Пока мы с ним валялись в этом дурацком положении, ко мне подскочил сынок посла и сперва залепил мне пощечину, как бы отомстил, а потом залез под юбку и начал решительно стаскивать с меня трусы. Тут уж я озверела окончательно и двинула его коленом в морду, а когда он выпрямился, ступней, самым подъемом, — в пах.
Он скрючился и, тихонько завыв, уполз в угол. Я почувствовала, что негодяй, лежащий подо мной, оторопел от таких моих действий, и мне вдруг пришло в голову, что не только мои, но и его руки скованы. Притом его полностью, а мои частично… Тогда я не без труда завела одну руку под собственную задницу и, нащупав его причинное место, сжала так, что он завизжал по-поросячьи.

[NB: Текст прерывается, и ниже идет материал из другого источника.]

lemma contract_diagonal:
  assumes red: "(x, y) \<in> red c" and outside: "(x, y) \<in> outside_arcs a b" and ne: "(x, y) \<noteq> (a, b)"
  shows "is_diagonal (n + a + 1 - b) (contract a b x, contract a b y)"
proof -
  have diagonal: "y \<noteq> x + 1" "(x, y) \<noteq> (1, n + 1)"
    using red_is_diagonal[OF bnc red] by (auto simp: is_diagonal_def)
  have xy: "x < y" "y \<le> n + 1" using arc_bounds red by auto
  from outside consider "y \<le> a" | "b \<le> x" | "x \<le> a" "b \<le> y"
    by (auto simp: outside_arcs_def)
  then have "contract a b y \<noteq> contract a b x + 1 \<and>
      (contract a b x, contract a b y) \<noteq> (1, n + a + 1 - b + 1)"
  proof cases
    case 1
    then show ?thesis using diagonal xy bounds by (auto simp: contract_def)
  next
    case 2
    then show ?thesis using diagonal xy bounds by (auto simp: contract_def)
  next
    case 3
    then show ?thesis using diagonal xy bounds ne by (auto simp: contract_def)
  qed
  then show ?thesis
    using contract_arc[of x y] red outside by (simp add: is_diagonal_def)
qed

lemma inner_shift_arc:
  "(x, y) \<in> blue c \<union> red c \<Longrightarrow> (x, y) \<in> inside_arcs a b \<Longrightarrow> (x + 1 - a, y + 1 - a) \<in> arcs (b - a)"
  using arc_bounds[of x y] by (auto simp: inside_arcs_def arcs_def)

lemma inner_shift_diagonal:
  "(x, y) \<in> red c \<Longrightarrow> (x, y) \<in> inside_arcs a b \<Longrightarrow> (x, y) \<noteq> (a, b) \<Longrightarrow>
     is_diagonal (b - a) (x + 1 - a, y + 1 - a)"
  using red_is_diagonal[OF bnc, of "(x, y)"] inner_shift_arc[of x y] arc_bounds[of x y]
  by (auto simp: is_diagonal_def inside_arcs_def)

lemma outer_part_is_bnc: "is_bnc (outer_part c a b)"
proof -
  let ?m = "n + a + 1 - b" and ?O = "outside_arcs a b"
  let ?B = "blue c \<inter> ?O - {(a, b)}" and ?R = "red c \<inter> ?O - {(a, b)}"
  have m: "2 \<le> ?m" "a \<le> ?m" using bounds by auto
  have "is_bnc (?m, map_arcs (contract a b) ?B, map_arcs (contract a b) ?R)"
  proof (rule is_bnc_map_arcs[OF bnc _ _ strict_mono_on_contract _ m(1)])
    show "\<And>x y. (x, y) \<in> ?B \<union> ?R \<Longrightarrow> x \<in> {v. v \<le> a \<or> b \<le> v} \<and> y \<in> {v. v \<le> a \<or> b \<le> v}"
      using outside_vertices by blast
    show "map_arcs (contract a b) (?B \<union> ?R) \<subseteq> arcs ?m"
      using contract_arc by (auto simp: map_arcs_def)
    show "\<And>u. u \<in> map_arcs (contract a b) ?R \<Longrightarrow> is_diagonal ?m u"
      using contract_diagonal by (auto simp: map_arcs_def)
  qed auto
  moreover have "(a, a + 1) \<in> sides ?m" using bounds m by (simp add: mem_sides)
  ultimately show ?thesis
    using is_bnc_insert_side[OF _ m(1)] by (cases "(a, b) \<in> blue c") (simp_all add: outer_part_def)
qed
section \<open>Domination of the integrand\<close>

lemma of_real_powr_eq_exp_ln: "0 < t \<Longrightarrow> complex_of_real t powr z = exp (z * complex_of_real (ln t))"
  by (simp add: powr_def Ln_of_real)

lemma set_borel_measurable_mult_Jintegrand:
  "set_borel_measurable (PiM {1..d} (\<lambda>_. lborel)) {y. \<forall>l\<in>{1..d}. 0 < y l} (\<lambda>y. c * Jintegrand d \<nu> mm x m y)"
proof -
  let ?S = "{y. \<forall>l\<in>{1..d}. 0 < y l}"
  let ?g = "\<lambda>y. jfun (mm (d + 1) + m) (x * (\<Prod>l\<in>{1..d}. y l)) *
     (\<Prod>l\<in>{1..d}. exp ((2 * \<nu> l - 1) * complex_of_real (ln (y l))) * jfun (mm l + m) (x / y l))"
  have "(\<lambda>y. indicator ?S y *\<^sub>R (c * Jintegrand d \<nu> mm x m y)) = (\<lambda>y. indicator ?S y *\<^sub>R (c * ?g y))"
  proof
    fix y
    show "indicator ?S y *\<^sub>R (c * Jintegrand d \<nu> mm x m y) = indicator ?S y *\<^sub>R (c * ?g y)"
      by (cases "y \<in> ?S") (auto simp: Jintegrand_def of_real_powr_eq_exp_ln intro!: prod.cong)
  qed
  then show ?thesis unfolding set_borel_measurable_def by simp measurable
qed

lemma norm_of_real_powr: "0 < y \<Longrightarrow> norm (complex_of_real y powr z) = y powr Re z"
  by (subst norm_powr_real_powr) auto

lemma norm_Jintegrand:
  assumes "\<forall>l\<in>{1..d}. 0 < y l"
  shows "norm (Jintegrand d \<nu> mm x m y) =
    2 * pi * \<bar>besselJ (mm (d + 1) + m) (4 * pi * x * (\<Prod>l\<in>{1..d}. y l))\<bar> *
    (\<Prod>l\<in>{1..d}. y l powr (2 * Re (\<nu> l) - 1) * (2 * pi * \<bar>besselJ (mm l + m) (4 * pi * x / y l)\<bar>))"
proof -
  have "norm (Jintegrand d \<nu> mm x m y) = norm (jfun (mm (d + 1) + m) (x * (\<Prod>l\<in>{1..d}. y l))) *
     (\<Prod>l\<in>{1..d}. norm (complex_of_real (y l) powr (2 * \<nu> l - 1) * jfun (mm l + m) (x / y l)))"
    unfolding Jintegrand_def by (simp add: norm_mult prod_norm[symmetric])
  also have "\<dots> = 2 * pi * \<bar>besselJ (mm (d + 1) + m) (4 * pi * x * (\<Prod>l\<in>{1..d}. y l))\<bar> *
    (\<Prod>l\<in>{1..d}. y l powr (2 * Re (\<nu> l) - 1) * (2 * pi * \<bar>besselJ (mm l + m) (4 * pi * x / y l)\<bar>))"
  proof (intro arg_cong2[where f = "(*)"] prod.cong refl)
    show "norm (jfun (mm (d + 1) + m) (x * (\<Prod>l\<in>{1..d}. y l))) =
      2 * pi * \<bar>besselJ (mm (d + 1) + m) (4 * pi * x * (\<Prod>l\<in>{1..d}. y l))\<bar>"
      by (simp add: norm_jfun mult.assoc)
    fix l assume "l \<in> {1..d}"
    then show "norm (complex_of_real (y l) powr (2 * \<nu> l - 1) * jfun (mm l + m) (x / y l)) =
      y l powr (2 * Re (\<nu> l) - 1) * (2 * pi * \<bar>besselJ (mm l + m) (4 * pi * x / y l)\<bar>)"
      using assms by (simp add: norm_mult norm_of_real_powr norm_jfun)
  qed
  finally show ?thesis .
qed

text \<open>The index r = 0 stands for the region y_1 ... y_d <= 1 and r in {1..d} for the region
  y_r >= 1; on it the Bessel factor with argument at most X gets the small-argument bound.\<close>

definition dominant_factor :: "real \<Rightarrow> real \<Rightarrow> nat \<Rightarrow> nat \<Rightarrow> real \<Rightarrow> real" where
  "dominant_factor X e r l t =
     indicator {0<..} t * (t powr (e - 1) * (if l = r then indicator {1..} t else min 1 (sqrt (t / X))))"

definition dominant_coeff :: "real \<Rightarrow> real \<Rightarrow> nat \<Rightarrow> (nat \<Rightarrow> int) \<Rightarrow> nat \<Rightarrow> int \<Rightarrow> real" where
  "dominant_coeff X a d mm r m =
     2 * pi * (if r = 0 then besselJ_small_bound X (nat \<bar>mm (d + 1) + m\<bar>)
               else besselJ_bound (nat \<bar>mm (d + 1) + m\<bar>) * X powr a) *
     (\<Prod>l\<in>{1..d}. 2 * pi * (if l = r then besselJ_small_bound X (nat \<bar>mm l + m\<bar>)
                              else besselJ_bound (nat \<bar>mm l + m\<bar>)))"

lemma dominant_factor_nonneg: "0 \<le> X \<Longrightarrow> 0 \<le> dominant_factor X e r l t"
  unfolding dominant_factor_def indicator_def by (auto intro!: mult_nonneg_nonneg)

lemma dominant_coeff_nonneg: "0 \<le> X \<Longrightarrow> 0 \<le> dominant_coeff X a d mm r m"
  unfolding dominant_coeff_def using besselJ_bound_nonneg besselJ_small_bound_nonneg
  by (intro mult_nonneg_nonneg prod_nonneg) auto

definition Jmajorant :: "real \<Rightarrow> real \<Rightarrow> (nat \<Rightarrow> real) \<Rightarrow> nat \<Rightarrow> (nat \<Rightarrow> int) \<Rightarrow> int \<Rightarrow> (nat \<Rightarrow> real) \<Rightarrow> real" where
  "Jmajorant X a e d mm m y =
     (\<Sum>r\<in>{0..d}. dominant_coeff X a d mm r m * (\<Prod>l\<in>{1..d}. dominant_factor X (e l) r l (y l)))"

lemma Jmajorant_nonneg: "0 \<le> X \<Longrightarrow> 0 \<le> Jmajorant X a e d mm m y"
  unfolding Jmajorant_def using dominant_coeff_nonneg dominant_factor_nonneg
  by (intro sum_nonneg mult_nonneg_nonneg prod_nonneg) auto

lemma mult_prod_le_prod_mult:
  fixes f p c q :: "'a \<Rightarrow> real"
  assumes "B \<le> C * (\<Prod>l\<in>L. p l)" "0 \<le> B" "0 \<le> C"
    and "\<And>l. l \<in> L \<Longrightarrow> 0 \<le> f l" "\<And>l. l \<in> L \<Longrightarrow> 0 \<le> p l"
    and "\<And>l. l \<in> L \<Longrightarrow> f l * p l \<le> c l * q l"
  shows "B * (\<Prod>l\<in>L. f l) \<le> C * (\<Prod>l\<in>L. c l) * (\<Prod>l\<in>L. q l)"
proof -
  have "B * (\<Prod>l\<in>L. f l) \<le> (C * (\<Prod>l\<in>L. p l)) * (\<Prod>l\<in>L. f l)"
    using assms by (intro mult_right_mono prod_nonneg) auto
  also have "\<dots> = C * (\<Prod>l\<in>L. f l * p l)" by (simp add: prod.distrib algebra_simps)
  also have "\<dots> \<le> C * (\<Prod>l\<in>L. c l * q l)"
    using assms by (intro mult_left_mono prod_mono) auto
  also have "\<dots> = C * (\<Prod>l\<in>L. c l) * (\<Prod>l\<in>L. q l)" by (simp add: prod.distrib)
  finally show ?thesis .
qed

lemma factor_le_dominant_factor:
  assumes "0 < X" "0 < y" "l = r \<Longrightarrow> 1 \<le> y"
  shows "y powr (2 * s - 1) * (2 * pi * \<bar>besselJ k (X / y)\<bar>) * y powr a
     \<le> 2 * pi * (if l = r then besselJ_small_bound X (nat \<bar>k\<bar>) else besselJ_bound (nat \<bar>k\<bar>)) *
       dominant_factor X (2 * s + a) r l y"
proof -
  have "y powr (2 * s - 1) * y powr a = y powr (2 * s + a - 1)"
    by (simp add: powr_add[symmetric] algebra_simps)
  then have e: "y powr (2 * s - 1) * (2 * pi * \<bar>besselJ k (X / y)\<bar>) * y powr a
      = 2 * pi * (y powr (2 * s + a - 1) * \<bar>besselJ k (X / y)\<bar>)"
    by (simp add: algebra_simps)
  show ?thesis
  proof (cases "l = r")
    case True
    then have "1 \<le> y" using assms by simp
    then have J: "\<bar>besselJ k (X / y)\<bar> \<le> besselJ_small_bound X (nat \<bar>k\<bar>)"
      using assms by (intro abs_besselJ_le_small_bound) (auto simp: field_simps)
    have "dominant_factor X (2 * s + a) r l y = y powr (2 * s + a - 1)"
      unfolding dominant_factor_def using True assms \<open>1 \<le> y\<close> by simp
    then show ?thesis unfolding e using True mult_right_mono[OF J, of "y powr (2 * s + a - 1)"]
      by (simp add: algebra_simps)
  next
    case False
    have "y powr (2 * s + a - 1) * \<bar>besselJ k (X / y)\<bar>
        \<le> y powr (2 * s + a - 1) * (besselJ_bound (nat \<bar>k\<bar>) * min 1 (sqrt (y / X)))"
      using abs_besselJ_div_le[OF assms(2,1)] by (intro mult_left_mono) auto
    moreover have "dominant_factor X (2 * s + a) r l y = y powr (2 * s + a - 1) * min 1 (sqrt (y / X))"
      unfolding dominant_factor_def using False assms by simp
    ultimately show ?thesis unfolding e using False by (simp add: algebra_simps)
  qed
qed
end

theory Submission
  imports Defs "HOL-Number_Theory.Residues"
begin

hide_const (open) up_ring.coeff up_ring.monom module.smult

text \<open>
  Let \<open>q = |B|\<close>, \<open>n = q^t\<close> and \<open>k = n - q^(t-1)\<close>. The dual of the full-length code
  \<open>RS(F,k)\<close> contains every evaluation vector of a polynomial of degree below \<open>q^(t-1)\<close>, in particular
  \<open>r\<^sub>u(x) = Tr(u (x - e)) / (x - e)\<close>, which takes the value \<open>u\<close> at \<open>e\<close>. Taking traces of
  \<open>\<Sum>\<^sub>\<alpha> r\<^sub>u(\<alpha>) f(\<alpha>) = 0\<close> for all \<open>u\<close> and using nondegeneracy of the trace form gives
  \<open>f(e) = -\<Sum>\<^sub>\<alpha>\<^sub>\<noteq>\<^sub>e Tr(f(\<alpha>)/(\<alpha>-e)) (\<alpha>-e)\<close>. So if a codeword \<open>f\<close> has all downloads
  \<open>Tr(f(\<alpha>)/(\<alpha>-e))\<close> zero (\<open>\<alpha>\<close> surviving, \<open>e\<close> erased), each erased value is a combination of
  the sub-symbols \<open>D(x,y) = Tr(f(x)/(x-y))\<close> between erased points. As \<open>p | t\<close>, \<open>Tr 1 = 0\<close>, so
  dividing the expression for \<open>f(x)\<close> by \<open>x - y\<close> and taking traces gives
  \<open>D(x,y) = D(z,x) Tr((x-z)/(x-y))\<close>, \<open>z\<close> the third erased point. Around either 3-cycle of
  erased points these coefficients are, up to \<open>\<kappa> \<mapsto> 1 - \<kappa>\<close>, the traces of the three ratios of
  the hypothesis; one vanishes, hence all \<open>D(x,y)\<close> and all erased values of \<open>f\<close> vanish. Applied to the
  difference of two codewords with the same downloads, this shows the downloads determine the
  erased symbols.
\<close>

lemma prime_CHAR_finite_field: "prime CHAR('a::{field,finite})"
  by (rule prime_CHAR_semidom) (simp add: finite_imp_CHAR_pos)

lemma of_nat_card_eq_0: "of_nat (card (UNIV :: 'a set)) = (0 :: 'a::{field,finite})"
  by (simp add: CHAR_dvd_CARD of_nat_eq_0_iff_char_dvd)

lemma CHAR_eq_prime_of_card:
  assumes "prime p" and "card (UNIV :: 'a::{field,finite} set) = p ^ n"
  shows "CHAR('a) = p"
proof -
  have "CHAR('a) dvd p ^ n" using CHAR_dvd_CARD[where 'a = 'a] assms(2) by simp
  then have "CHAR('a) dvd p" by (rule prime_dvd_power[OF prime_CHAR_finite_field])
  then show ?thesis by (rule primes_dvd_imp_eq[OF prime_CHAR_finite_field assms(1)])
qed
lemma thermal_no_click_sums:
  assumes "0 \<le> nB" "0 \<le> \<eta>" "\<eta> \<le> 1"
  shows "(\<lambda>j. thermal nB j * (real ((k + j) choose k) * \<eta> ^ j * (1 - \<eta>) ^ k)) sums
         (((1 - \<eta>) * (1 + nB)) ^ k / (1 + (1 - \<eta>) * nB) ^ (k + 1))"
proof -
  define x where "x = \<eta> * nB / (1 + nB)"
  have "\<eta> * nB \<le> nB"
    using assms by (simp add: mult_left_le_one_le)
  then have x: "0 \<le> x" "x < 1"
    unfolding x_def using assms by (simp_all add: divide_less_eq)
  have one_minus_x: "1 - x = (1 + (1 - \<eta>) * nB) / (1 + nB)"
    unfolding x_def using assms by (simp add: field_simps)
  have choose_sym: "(j + k) choose j = (j + k) choose k" for j
    using binomial_symmetric[of j "j + k"] by simp
  have "(\<lambda>j. real ((k + j) choose j) * x ^ j * ((1 - \<eta>) ^ k / (1 + nB))) sums
        (1 / (1 - x) ^ (k + 1) * ((1 - \<eta>) ^ k / (1 + nB)))"
    by (rule sums_mult2[OF neg_binomial_sums[OF x]])
  moreover have "real ((k + j) choose j) * x ^ j * ((1 - \<eta>) ^ k / (1 + nB)) =
       thermal nB j * (real ((k + j) choose k) * \<eta> ^ j * (1 - \<eta>) ^ k)" for j
    unfolding thermal_def x_def using assms choose_sym
    by (simp add: power_divide power_mult_distrib field_simps)
  moreover have "1 / (1 - x) ^ (k + 1) * ((1 - \<eta>) ^ k / (1 + nB)) =
       ((1 - \<eta>) * (1 + nB)) ^ k / (1 + (1 - \<eta>) * nB) ^ (k + 1)"
    using one_minus_x assms by (simp add: power_divide power_mult_distrib)
  ultimately show ?thesis
    by simp
qed

lemma out_click_given_eq:
  fixes \<eta> nB :: real
  defines "N \<equiv> (1 - \<eta>) * nB"
  assumes "0 \<le> nB" "0 \<le> \<eta>" "\<eta> \<le> 1"
  shows "out_click_given \<eta> nB k = 1 - ((1 + N - \<eta>) / (1 + N)) ^ k / (1 + N)"
proof -
  have "(\<lambda>j. thermal nB j - thermal nB j * (real ((k + j) choose k) * \<eta> ^ j * (1 - \<eta>) ^ k)) sums
        (1 - ((1 - \<eta>) * (1 + nB)) ^ k / (1 + N) ^ (k + 1))"
    unfolding N_def by (intro sums_diff thermal_sums thermal_no_click_sums assms)
  moreover have "thermal nB j - thermal nB j * (real ((k + j) choose k) * \<eta> ^ j * (1 - \<eta>) ^ k) =
      thermal nB j * (\<Sum>m\<in>{1..k + j}. (bs_amp \<eta> k j m (k + j - m))\<^sup>2)" for j
    using assms by (subst bs_click_prob) (simp_all add: right_diff_distrib)
  moreover have "((1 - \<eta>) * (1 + nB)) ^ k / (1 + N) ^ (k + 1) = ((1 + N - \<eta>) / (1 + N)) ^ k / (1 + N)"
    unfolding N_def by (simp add: power_divide algebra_simps)
  ultimately show ?thesis
    unfolding out_click_given_def by (simp add: sums_iff)
qed
(* Assume: (i) there is $L_f>0$ with $\|f(w,t)-f(y,t)\|_2\le L_f\|w-y\|_2$ for all $w,y\in\mathbb{R}^{N_s}$, $t\in[0,T]$; (ii) $\Delta t<\sigma_{\min}(A_{LM})/(L_f\sigma_{\max}(B_{LM}))$; (iii) there is $P>0$ with $\|\bar A\,\bar r(w)\|_2\ge P\|\bar r(w)\|_2$ for all $w\in\mathcal{S}$. Let $x\in\mathbb{R}^{N_sN_t}$ satisfy $\bar r(x)=0$, and set $K_r:=\sigma_{\min}(A_{LM})-\Delta t L_f\sigma_{\max}(B_{LM})$. Then for every $w\in\mathcal{S}$, $$\max_{1\le n\le N_t}\|x^n-w^n\|_2\le\|x-w\|_2\le\frac{1}{PK_r}\|\bar A\,\bar r(w)\|_2.$$ In particular, for $\tilde x\in\arg\min_{w\in\mathcal{S}}\|\bar A\,\bar r(w)\|_2$, $$\max_{1\le n\le N_t}\|x^n-\tilde x^n\|_2\le\|x-\tilde x\|_2\le\frac{1}{PK_r}\min_{w\in\mathcal{S}}\|\bar A\,\bar r(w)\|_2.$$
   Context: Let $f:\mathbb{R}^{N_s}\times[0,T]\to\mathbb{R}^{N_s}$ be the velocity of the ODE $\dot x=f(x,t)$, $x(0)=x^0\in\mathbb{R}^{N_s}$. Use a uniform time grid $t^n=n\Delta t$, $n=0,\dots,N_t$, $\Delta t=T/N_t$. A linear multistep scheme is given by integers $k(n)\le n$ and coefficients $\alpha_j^n,\beta_j^n\in\mathbb{R}$, $j=0,\dots,k(n)$, $n=1,\dots,N_t$, with $\alpha_0^n\neq0$. For $w=(w^1,\dots,w^{N_t})\in\mathbb{R}^{N_sN_t}$ (blocks $w^n\in\mathbb{R}^{N_s}$) set $w^0:=x^0$ and define the residual at step $n$ by $r^n(w)=\sum_{j=0}^{k(n)}\alpha_j^n w^{n-j}-\Delta t\sum_{j=0}^{k(n)}\beta_j^n f(w^{n-j},t^{n-j})$, and the space–time residual $\bar r(w)=(r^1(w),\dots,r^{N_t}(w))\in\mathbb{R}^{N_sN_t}$. Let $A_{LM},B_{LM}\in\mathbb{R}^{N_sN_t\times N_sN_t}$ be the block lower-triangular matrices (blocks of size $N_s\times N_s$) whose $(n,n-j)$ block is $\alpha_j^n I_{N_s}$, resp. $\beta_j^n I_{N_s}$, for $0\le j\le k(n)$ with $n-j\ge1$, and zero otherwise. $\sigma_{\max}(M)$, $\sigma_{\min}(M)$ denote the largest and smallest singular values of $M$; $\|\cdot\|_2$ is the Euclidean norm on $\mathbb{R}^{N_sN_t}$. The space–time trial subspace is the affine subspace $\mathcal{S}=\{(x^0,\dots,x^0)+\sum_{i=1}^{n_{st}}c_i\pi_i: c\in\mathbb{R}^{n_{st}}\}\subseteq\mathbb{R}^{N_sN_t}$ for given vectors $\pi_1,\dots,\pi_{n_{st}}\in\mathbb{R}^{N_sN_t}$; $\bar A\in\mathbb{R}^{\bar z\times N_sN_t}$ is a weighting matrix. *)

theory Defs
  imports "HOL-Analysis.Analysis"
begin

text \<open>Space vectors live in \<open>real^'s\<close> (so N_s = CARD('s)).  A space-time vector
  w = (w^1,...,w^{N_t}) is represented by a function \<open>nat \<Rightarrow> real^'s\<close>, of which
  only the blocks with index in {1..Nt} are meaningful.  An (N_s N_t)x(N_s N_t) matrix
  is represented by its N_s x N_s blocks \<open>M n m\<close>, n,m in {1..Nt}.\<close>

definition st_norm :: "nat \<Rightarrow> (nat \<Rightarrow> real^'s) \<Rightarrow> real" where
  "st_norm Nt w = sqrt (\<Sum>n\<in>{1..Nt}. (norm (w n))\<^sup>2)"

definition st_vecs :: "nat \<Rightarrow> (nat \<Rightarrow> real^'s) set" where
  "st_vecs Nt = {w. \<forall>n. n \<notin> {1..Nt} \<longrightarrow> w n = 0}"

definition blk_apply :: "nat \<Rightarrow> (nat \<Rightarrow> nat \<Rightarrow> real^'s^'s) \<Rightarrow> (nat \<Rightarrow> real^'s) \<Rightarrow> (nat \<Rightarrow> real^'s)" where
  "blk_apply Nt M w = (\<lambda>n. if n \<in> {1..Nt} then (\<Sum>m\<in>{1..Nt}. M n m *v w m) else 0)"

definition sigma_max :: "nat \<Rightarrow> (nat \<Rightarrow> nat \<Rightarrow> real^'s^'s) \<Rightarrow> real" where
  "sigma_max Nt M = Sup {st_norm Nt (blk_apply Nt M v) | v. v \<in> st_vecs Nt \<and> st_norm Nt v = 1}"

definition sigma_min :: "nat \<Rightarrow> (nat \<Rightarrow> nat \<Rightarrow> real^'s^'s) \<Rightarrow> real" where
  "sigma_min Nt M = Inf {st_norm Nt (blk_apply Nt M v) | v. v \<in> st_vecs Nt \<and> st_norm Nt v = 1}"

definition LM_matrix :: "(nat \<Rightarrow> nat) \<Rightarrow> (nat \<Rightarrow> nat \<Rightarrow> real) \<Rightarrow> nat \<Rightarrow> nat \<Rightarrow> real^'s^'s" where
  "LM_matrix k c n m = (if 1 \<le> m \<and> m \<le> n \<and> n - m \<le> k n then c n (n - m) *\<^sub>R mat 1 else 0)"

definition ext0 :: "'a \<Rightarrow> (nat \<Rightarrow> 'a) \<Rightarrow> nat \<Rightarrow> 'a" where
  "ext0 x0 w n = (if n = 0 then x0 else w n)"

definition LM_residual ::
  "(real^'s \<Rightarrow> real \<Rightarrow> real^'s) \<Rightarrow> real \<Rightarrow> (nat \<Rightarrow> nat) \<Rightarrow> (nat \<Rightarrow> nat \<Rightarrow> real) \<Rightarrow>
   (nat \<Rightarrow> nat \<Rightarrow> real) \<Rightarrow> real^'s \<Rightarrow> (nat \<Rightarrow> real^'s) \<Rightarrow> nat \<Rightarrow> real^'s" where
  "LM_residual f dt k \<alpha> \<beta> x0 w n =
     (\<Sum>j\<in>{0..k n}. \<alpha> n j *\<^sub>R ext0 x0 w (n - j))
     - dt *\<^sub>R (\<Sum>j\<in>{0..k n}. \<beta> n j *\<^sub>R f (ext0 x0 w (n - j)) (real (n - j) * dt))"

definition st_residual ::
  "nat \<Rightarrow> (real^'s \<Rightarrow> real \<Rightarrow> real^'s) \<Rightarrow> real \<Rightarrow> (nat \<Rightarrow> nat) \<Rightarrow> (nat \<Rightarrow> nat \<Rightarrow> real) \<Rightarrow>
   (nat \<Rightarrow> nat \<Rightarrow> real) \<Rightarrow> real^'s \<Rightarrow> (nat \<Rightarrow> real^'s) \<Rightarrow> nat \<Rightarrow> real^'s" where
  "st_residual Nt f dt k \<alpha> \<beta> x0 w =
     (\<lambda>n. if n \<in> {1..Nt} then LM_residual f dt k \<alpha> \<beta> x0 w n else 0)"

text \<open>Weighting matrix \<open>Abar\<close> (zbar x N_s N_t), given by its column blocks \<open>Abar n\<close>.\<close>
definition weight_apply :: "nat \<Rightarrow> (nat \<Rightarrow> real^'s^'z) \<Rightarrow> (nat \<Rightarrow> real^'s) \<Rightarrow> real^'z" where
  "weight_apply Nt Ab w = (\<Sum>n\<in>{1..Nt}. Ab n *v w n)"

definition trial_space :: "nat \<Rightarrow> real^'s \<Rightarrow> nat \<Rightarrow> (nat \<Rightarrow> nat \<Rightarrow> real^'s) \<Rightarrow> (nat \<Rightarrow> real^'s) set" where
  "trial_space Nt x0 nst \<pi> = {w. w \<in> st_vecs Nt \<and>
     (\<exists>c::nat \<Rightarrow> real. \<forall>n\<in>{1..Nt}. w n = x0 + (\<Sum>i\<in>{1..nst}. c i *\<^sub>R \<pi> i n))}"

Не выпуская из руки его хозяйства, я встала, подняла с пола бабушкину камею и вместе с этим мерзавцем вышла в коридор. Нам кто-то попался навстречу. Я не разглядела кто и только услышала изумленное: «Ни фига себе!»
В прихожей я одной рукой посбрасывала с вешалки чужую одежду, пока не нашла свою шубейку и висящую на ней театральную лакированную сумочку, которая так подходила к моим итальянским лодочкам.
Забыв в этой поганой квартире свои теплые ботики и белый пуховый берет, я выбежала на улицу, чуть не переломав ноги на лестнице.
3
Было около четырех часов ночи. На улице Горького было пустынно и очень ветрено. По обледенелому асфальту несло поземку — мелкий, колючий снежок, который пробивал через мои французские капроновые чулки.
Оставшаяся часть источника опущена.